What you give back should match the entries below character for character.

DATA SECTION:
# # # # # # #
lemma symmetric_orthogonal_deflation:
  fixes M W :: "real mat"
  assumes M: "M \<in> carrier_mat (Suc n) (Suc n)" and M_sym: "M\<^sup>T = M"
    and W: "W \<in> carrier_mat (Suc n) (Suc n)" and W_orth: "W\<^sup>T * W = 1\<^sub>m (Suc n)"
    and eig: "M *\<^sub>v col W 0 = l \<cdot>\<^sub>v col W 0"
  obtains M' where "M' \<in> carrier_mat n n" "M'\<^sup>T = M'"
    "W\<^sup>T * M * W = four_block_mat (mat 1 1 (\<lambda>_. l)) (0\<^sub>m 1 n) (0\<^sub>m n 1) M'"
proof -
  define C where "C = W\<^sup>T * M * W"
  have C: "C \<in> carrier_mat (Suc n) (Suc n)" unfolding C_def using W M by auto
  have C_sym: "C\<^sup>T = C"
  proof -
    have "C\<^sup>T = (W\<^sup>T * (M * W))\<^sup>T" unfolding C_def using W M by (subst assoc_mult_mat) auto
    also have "\<dots> = W\<^sup>T * M\<^sup>T * W"
      using W M by (simp add: transpose_mult[of _ "Suc n" "Suc n" _ "Suc n"])
    finally show ?thesis unfolding C_def M_sym .
  qed
  have C_col: "C $$ (i,0) = (if i = 0 then l else 0)" if i: "i < Suc n" for i
  proof -
    have "C = W\<^sup>T * (M * W)" unfolding C_def using W M by (subst assoc_mult_mat) auto
    then have "C $$ (i,0) = col W i \<bullet> col (M * W) 0" using i W M by simp
    also have "col (M * W) 0 = M *\<^sub>v col W 0" by (rule col_mult2[OF M W]) simp
    also have "col W i \<bullet> (M *\<^sub>v col W 0) = l * (W\<^sup>T * W) $$ (i,0)" unfolding eig using i W by simp
    finally show ?thesis unfolding W_orth using i by simp
  qed
  have C_row: "C $$ (0,j) = (if j = 0 then l else 0)" if j: "j < Suc n" for j
    using C_col[OF j] arg_cong[OF C_sym, of "\<lambda>X. X $$ (j,0)"] j C by simp
  define M' where "M' = mat n n (\<lambda>(i,j). C $$ (Suc i, Suc j))"
  have "M'\<^sup>T = M'"
  proof (rule eq_matI)
    fix i j assume "i < dim_row M'" "j < dim_col M'"
    then show "M'\<^sup>T $$ (i,j) = M' $$ (i,j)"
      using arg_cong[OF C_sym, of "\<lambda>X. X $$ (Suc i, Suc j)"] C by (simp add: M'_def)
  qed (simp_all add: M'_def)
  moreover have "C = four_block_mat (mat 1 1 (\<lambda>_. l)) (0\<^sub>m 1 n) (0\<^sub>m n 1) M'"
  proof (rule eq_matI)
    fix i j assume "i < dim_row (four_block_mat (mat 1 1 (\<lambda>_. l)) (0\<^sub>m 1 n) (0\<^sub>m n 1) M')"
      "j < dim_col (four_block_mat (mat 1 1 (\<lambda>_. l)) (0\<^sub>m 1 n) (0\<^sub>m n 1) M')"
    then have i: "i < Suc n" and j: "j < Suc n" by (auto simp: M'_def)
    show "C $$ (i,j) = four_block_mat (mat 1 1 (\<lambda>_. l)) (0\<^sub>m 1 n) (0\<^sub>m n 1) M' $$ (i,j)"
      using C_row[OF j] C_col[OF i] i j by (cases i; cases j) (auto simp: M'_def)
  qed (use C in \<open>auto simp: M'_def\<close>)
  ultimately show ?thesis using that[of M'] unfolding C_def M'_def by auto
qed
# # # # # # #
EXERCISE RESULT:
lemma symmetric_orthogonal_deflation:
  fixes M W :: "real mat"
  assumes M: "M \<in> carrier_mat (Suc n) (Suc n)" and M_sym: "M\<^sup>T = M"
    and W: "W \<in> carrier_mat (Suc n) (Suc n)" and W_orth: "W\<^sup>T * W = 1\<^sub>m (Suc n)"
    and eig: "M *\<^sub>v col W 0 = l \<cdot>\<^sub>v col W 0"
  obtains M' where "M' \<in> carrier_mat n n" "M'\<^sup>T = M'"
    "W\<^sup>T * M * W = four_block_mat (mat 1 1 (\<lambda>_. l)) (0\<^sub>m 1 n) (0\<^sub>m n 1) M'"
proof -
  define C where "C = W\<^sup>T * M * W"
  have C: "C \<in> carrier_mat (Suc n) (Suc n)" unfolding C_def using W M by auto
  have C_sym: "C\<^sup>T = C"
  proof -
    have "C\<^sup>T = (W\<^sup>T * (M * W))\<^sup>T" unfolding C_def using W M by (subst assoc_mult_mat) auto
    also have "\<dots> = W\<^sup>T * M\<^sup>T * W"
      using W M by (simp add: transpose_mult[of _ "Suc n" "Suc n" _ "Suc n"])
    finally show ?thesis unfolding C_def M_sym .
  qed
  have C_col: "C $$ (i,0) = (if i = 0 then l else 0)" if i: "i < Suc n" for i
  proof -
    have "C = W\<^sup>T * (M * W)" unfolding C_def using W M by (subst assoc_mult_mat) auto
    then have "C $$ (i,0) = col W i \<bullet> col (M * W) 0" using i W M by simp
    also have "col (M * W) 0 = M *\<^sub>v col W 0" by (rule col_mult2[OF M W]) simp
    also have "col W i \<bullet> (M *\<^sub>v col W 0) = l * (W\<^sup>T * W) $$ (i,0)" unfolding eig using i W by simp
    finally show ?thesis unfolding W_orth using i by simp
  qed
  have C_row: "C $$ (0,j) = (if j = 0 then l else 0)" if j: "j < Suc n" for j
    using C_col[OF j] arg_cong[OF C_sym, of "\<lambda>X. X $$ (j,0)"] j C by simp
  define M' where "M' = mat n n (\<lambda>(i,j). C $$ (Suc i, Suc j))"
  have "M'\<^sup>T = M'"
  proof (rule eq_matI)
    fix i j assume "i < dim_row M'" "j < dim_col M'"
    then show "M'\<^sup>T $$ (i,j) = M' $$ (i,j)"
      using arg_cong[OF C_sym, of "\<lambda>X. X $$ (Suc i, Suc j)"] C by (simp add: M'_def)
  qed (simp_all add: M'_def)
  moreover have "C = four_block_mat (mat 1 1 (\<lambda>_. l)) (0\<^sub>m 1 n) (0\<^sub>m n 1) M'"
  proof (rule eq_matI)
    fix i j assume "i < dim_row (four_block_mat (mat 1 1 (\<lambda>_. l)) (0\<^sub>m 1 n) (0\<^sub>m n 1) M')"
      "j < dim_col (four_block_mat (mat 1 1 (\<lambda>_. l)) (0\<^sub>m 1 n) (0\<^sub>m n 1) M')"
    then have i: "i < Suc n" and j: "j < Suc n" by (auto simp: M'_def)
    show "C $$ (i,j) = four_block_mat (mat 1 1 (\<lambda>_. l)) (0\<^sub>m 1 n) (0\<^sub>m n 1) M' $$ (i,j)"
      using C_row[OF j] C_col[OF i] i j by (cases i; cases j) (auto simp: M'_def)
  qed (use C in \<open>auto simp: M'_def\<close>)
  ultimately show ?thesis using that[of M'] unfolding C_def M'_def by auto
qed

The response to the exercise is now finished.